[Excerpts from a dataset]
-------

(* For every $n\geq 2$, the ladder graph $L_n$ satisfies $\mathcal{R}(L_n)=2$. Consequently, every ladder graph $L_n$ ($n\geq 1$) is a circle graph.
   Context: All graphs are finite and simple. For a word $w$ and distinct letters $x,y$ occurring in $w$, $x$ and $y$ alternate in $w$ if deleting all letters other than copies of $x$ and $y$ yields a word of the form $xyxy\cdots$ or $yxyx\cdots$ (of even or odd length). A graph $G=(V,E)$ is word-representable if there is a word $w$ over $V$ (each vertex occurring in $w$) such that for all distinct $x,y\in V$, $x$ and $y$ alternate in $w$ iff $(x,y)\in E$. A word is $k$-uniform if each letter occurs exactly $k$ times; $G$ is $k$-word-representable if some $k$-uniform word represents it; the representation number $\mathcal{R}(G)$ is the least such $k$. The ladder graph $L_n$ has vertices $1,\ldots,n,1',\ldots,n'$ and the $3n-2$ edges $(i,i+1)$ and $(i',(i+1)')$ for $1\leq i\leq n-1$ and $(i,i')$ for $1\leq i\leq n$. A circle graph is a graph whose vertices can be associated with chords of a circle so that two vertices are adjacent iff their chords cross. *)

theory Defs
  imports "HOL-Analysis.Analysis"
begin

text \<open>A graph is given by a finite vertex set V and an adjacency predicate adj
  (only its values on distinct vertices of V matter).\<close>

definition alternate :: "'a list \<Rightarrow> 'a \<Rightarrow> 'a \<Rightarrow> bool" where
  "alternate w x y \<longleftrightarrow>
     (\<exists>m. filter (\<lambda>z. z = x \<or> z = y) w = map (\<lambda>i. if even i then x else y) [0..<m]
        \<or> filter (\<lambda>z. z = x \<or> z = y) w = map (\<lambda>i. if even i then y else x) [0..<m])"

definition word_represents :: "'a set \<Rightarrow> ('a \<Rightarrow> 'a \<Rightarrow> bool) \<Rightarrow> 'a list \<Rightarrow> bool" where
  "word_represents V adj w \<longleftrightarrow> set w = V \<and>
     (\<forall>x\<in>V. \<forall>y\<in>V. x \<noteq> y \<longrightarrow> (alternate w x y \<longleftrightarrow> adj x y))"

definition uniform_word :: "nat \<Rightarrow> 'a list \<Rightarrow> bool" where
  "uniform_word k w \<longleftrightarrow> (\<forall>x\<in>set w. count_list w x = k)"

definition k_word_representable :: "'a set \<Rightarrow> ('a \<Rightarrow> 'a \<Rightarrow> bool) \<Rightarrow> nat \<Rightarrow> bool" where
  "k_word_representable V adj k \<longleftrightarrow> (\<exists>w. uniform_word k w \<and> word_represents V adj w)"

definition rep_number :: "'a set \<Rightarrow> ('a \<Rightarrow> 'a \<Rightarrow> bool) \<Rightarrow> nat" where
  "rep_number V adj = (LEAST k. k_word_representable V adj k)"

text \<open>Ladder graph: vertex (i,False) is i, vertex (i,True) is i'.\<close>

definition ladder_V :: "nat \<Rightarrow> (nat \<times> bool) set" where
  "ladder_V n = {(i, b). 1 \<le> i \<and> i \<le> n}"

definition ladder_adj :: "nat \<Rightarrow> nat \<times> bool \<Rightarrow> nat \<times> bool \<Rightarrow> bool" where
  "ladder_adj n u v \<longleftrightarrow> u \<in> ladder_V n \<and> v \<in> ladder_V n \<and>
     ((snd u = snd v \<and> (fst v = fst u + 1 \<or> fst u = fst v + 1)) \<or>
      (fst u = fst v \<and> snd u \<noteq> snd v))"

definition circle_graph :: "'a set \<Rightarrow> ('a \<Rightarrow> 'a \<Rightarrow> bool) \<Rightarrow> bool" where
  "circle_graph V adj \<longleftrightarrow> (\<exists>p q :: 'a \<Rightarrow> complex.
     (\<forall>v\<in>V. cmod (p v) = 1 \<and> cmod (q v) = 1 \<and> p v \<noteq> q v) \<and>
     (\<forall>u\<in>V. \<forall>v\<in>V. u \<noteq> v \<longrightarrow> {p u, q u} \<inter> {p v, q v} = {}) \<and>
     (\<forall>u\<in>V. \<forall>v\<in>V. u \<noteq> v \<longrightarrow>
        (adj u v \<longleftrightarrow> closed_segment (p u) (q u) \<inter> closed_segment (p v) (q v) \<noteq> {})))"

end

theory Submission
  imports Defs
begin

text \<open>The ladder is a permutation graph: its vertices admit two linear orders in which
  two distinct vertices appear in the same relative order exactly when they are adjacent.
  Writing the vertices in the first order and then in the second gives a 2-uniform word
  in which two letters alternate iff they keep their relative order, so the word represents
  the ladder. A 1-uniform word represents a complete graph, and \<open>L\<^sub>n\<close> with \<open>n \<ge> 2\<close> is not
  complete, so the representation number is exactly 2. Placing the first order on an arc of
  the unit circle and the second order on the following arc, the chord joining the two
  positions of a vertex crosses the chord of another vertex iff their endpoints interleave,
  i.e. iff the two vertices keep their relative order; hence every ladder is a circle graph.\<close>

lemma distinct_if_sorted_wrt_key:
  fixes f :: "'a \<Rightarrow> 'b::linorder"
  shows "sorted_wrt (\<lambda>a b. f a < f b) xs \<Longrightarrow> distinct xs"
  by (induction xs) auto

lemma filter_pair_sorted_wrt_key:
  fixes f :: "'a \<Rightarrow> 'b::linorder"
  assumes sorted: "sorted_wrt (\<lambda>a b. f a < f b) xs"
    and "x \<in> set xs" "y \<in> set xs" "f x < f y"
  shows "filter (\<lambda>z. z = x \<or> z = y) xs = [x, y]"
proof -
  let ?l = "filter (\<lambda>z. z = x \<or> z = y) xs"
  have l_sorted: "sorted_wrt (\<lambda>a b. f a < f b) ?l"
    using sorted by (simp add: sorted_wrt_filter)
  have l_set: "set ?l = {x, y}" using assms by auto
  have "length ?l = 2"
    using distinct_card[OF distinct_if_sorted_wrt_key[OF l_sorted]] l_set \<open>f x < f y\<close>
    by (metis card_2_iff less_irrefl length_remdups_card_conv)
  then obtain a b where ab: "?l = [a, b]"
    by (auto simp: length_Suc_conv numeral_2_eq_2)
  have "f a < f b" "{a, b} = {x, y}" using l_sorted l_set unfolding ab by auto
  then show ?thesis using \<open>f x < f y\<close> unfolding ab doubleton_eq_iff by auto
qed

lemma count_list_eq_1_if_distinct: "distinct xs \<Longrightarrow> x \<in> set xs \<Longrightarrow> count_list xs x = 1"
  by (induction xs) auto

lemma length_filter_pair:
  "x \<noteq> y \<Longrightarrow> length (filter (\<lambda>z. z = x \<or> z = y) w) = count_list w x + count_list w y"
  by (induction w) auto

text \<open>Stated in the class context: a locale interpretation made outside it would produce the
  unfolded locale constant instead of \<open>sorted_key_list_of_set\<close>.\<close>

context linorder
begin

lemma sorted_key_list_of_set_sorted_wrt:
  fixes f :: "'b \<Rightarrow> 'a"
  assumes "finite V" "inj_on f V"
  shows "set (sorted_key_list_of_set f V) = V"
    and "sorted_wrt (\<lambda>a b. f a < f b) (sorted_key_list_of_set f V)"
proof -
  interpret folding_insort_key "(\<le>)" "(<)" V f by unfold_locales (fact assms(2))
  show "set (sorted_key_list_of_set f V) = V" using assms(1) by simp
  show "sorted_wrt (\<lambda>a b. f a < f b) (sorted_key_list_of_set f V)"
    using strict_sorted_key_list_of_set[of V] by (simp add: sorted_wrt_map)
qed

end

section \<open>Alternation and the representation number\<close>

lemma alternate_commute: "alternate w x y \<longleftrightarrow> alternate w y x"
proof -
  have "(\<lambda>z. z = x \<or> z = y) = (\<lambda>z. z = y \<or> z = x)" by auto
  then show ?thesis unfolding alternate_def by metis
qed

lemma alternate_if_filter_eq:
  "filter (\<lambda>z. z = x \<or> z = y) w = [x, y, x, y] \<Longrightarrow> alternate w x y"
  unfolding alternate_def by (intro exI[of _ 4]) (simp add: upt_rec)

lemma not_alternate_if_filter_eq:
  assumes "x \<noteq> y" "filter (\<lambda>z. z = x \<or> z = y) w = [x, y, y, x]"
  shows "\<not> alternate w x y"
proof
  assume "alternate w x y"
  then obtain m :: nat where m:
    "[x, y, y, x] = map (\<lambda>i. if even i then x else y) [0..<m] \<or>
     [x, y, y, x] = map (\<lambda>i. if even i then y else x) [0..<m]"
    unfolding alternate_def assms(2) by metis
  then have "m = 4" by (auto dest: arg_cong[where f = length])
  with m show False using assms(1) by (simp add: upt_rec)
qed

lemma alternate_if_uniform_word_1:
  assumes "uniform_word 1 w" "x \<in> set w" "y \<in> set w" "x \<noteq> y"
  shows "alternate w x y"
proof -
  let ?l = "filter (\<lambda>z. z = x \<or> z = y) w"
  have "length ?l = 2"
    using assms length_filter_pair[of x y w] by (simp add: uniform_word_def)
  then obtain a b where ab: "?l = [a, b]"
    by (auto simp: length_Suc_conv numeral_2_eq_2)
  have "set ?l = {x, y}" using assms(2,3) by auto
  then have "{a, b} = {x, y}" unfolding ab by simp
  then have "?l = [x, y] \<or> ?l = [y, x]" using ab by (auto simp: doubleton_eq_iff)
  then show ?thesis unfolding alternate_def
    by (intro exI[of _ 2]) (auto simp: upt_rec)
qed

lemma k_word_representable_ge_2:
  assumes "k_word_representable V adj k" "x \<in> V" "y \<in> V" "x \<noteq> y" "\<not> adj x y"
  shows "2 \<le> k"
proof -
  obtain w where w: "uniform_word k w" "word_represents V adj w"
    using assms(1) unfolding k_word_representable_def by blast
  have set_w: "set w = V" using w(2) by (simp add: word_represents_def)
  then have "k = count_list w x" using w(1) assms(2) by (simp add: uniform_word_def)
  also have "\<dots> \<noteq> 0" using set_w assms(2) by (simp add: count_list_0_iff)
  finally have "k \<noteq> 0" .
  moreover have "k \<noteq> 1"
  proof
    assume "k = 1"
    then have "alternate w x y"
      using alternate_if_uniform_word_1[of w x y] w(1) set_w assms(2-4) by simp
    then show False using w(2) assms(2-5) by (simp add: word_represents_def)
  qed
  ultimately show ?thesis by simp
qed

lemma rep_number_eq_2:
  assumes "k_word_representable V adj 2" "x \<in> V" "y \<in> V" "x \<noteq> y" "\<not> adj x y"
  shows "rep_number V adj = 2"
  unfolding rep_number_def
proof (rule Least_equality)
  show "k_word_representable V adj 2" by (fact assms(1))
  show "2 \<le> k" if "k_word_representable V adj k" for k
    using k_word_representable_ge_2[OF that assms(2-5)] .
qed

-------

» **The task**
Here the output must be the lines above from the line with "Context: All graphs" to the line with "(only its values", both included, duplicated word for word and nothing else.

» **Answer to this problem**
   Context: All graphs are finite and simple. For a word $w$ and distinct letters $x,y$ occurring in $w$, $x$ and $y$ alternate in $w$ if deleting all letters other than copies of $x$ and $y$ yields a word of the form $xyxy\cdots$ or $yxyx\cdots$ (of even or odd length). A graph $G=(V,E)$ is word-representable if there is a word $w$ over $V$ (each vertex occurring in $w$) such that for all distinct $x,y\in V$, $x$ and $y$ alternate in $w$ iff $(x,y)\in E$. A word is $k$-uniform if each letter occurs exactly $k$ times; $G$ is $k$-word-representable if some $k$-uniform word represents it; the representation number $\mathcal{R}(G)$ is the least such $k$. The ladder graph $L_n$ has vertices $1,\ldots,n,1',\ldots,n'$ and the $3n-2$ edges $(i,i+1)$ and $(i',(i+1)')$ for $1\leq i\leq n-1$ and $(i,i')$ for $1\leq i\leq n$. A circle graph is a graph whose vertices can be associated with chords of a circle so that two vertices are adjacent iff their chords cross. *)

theory Defs
  imports "HOL-Analysis.Analysis"
begin

text \<open>A graph is given by a finite vertex set V and an adjacency predicate adj
  (only its values on distinct vertices of V matter).\<close>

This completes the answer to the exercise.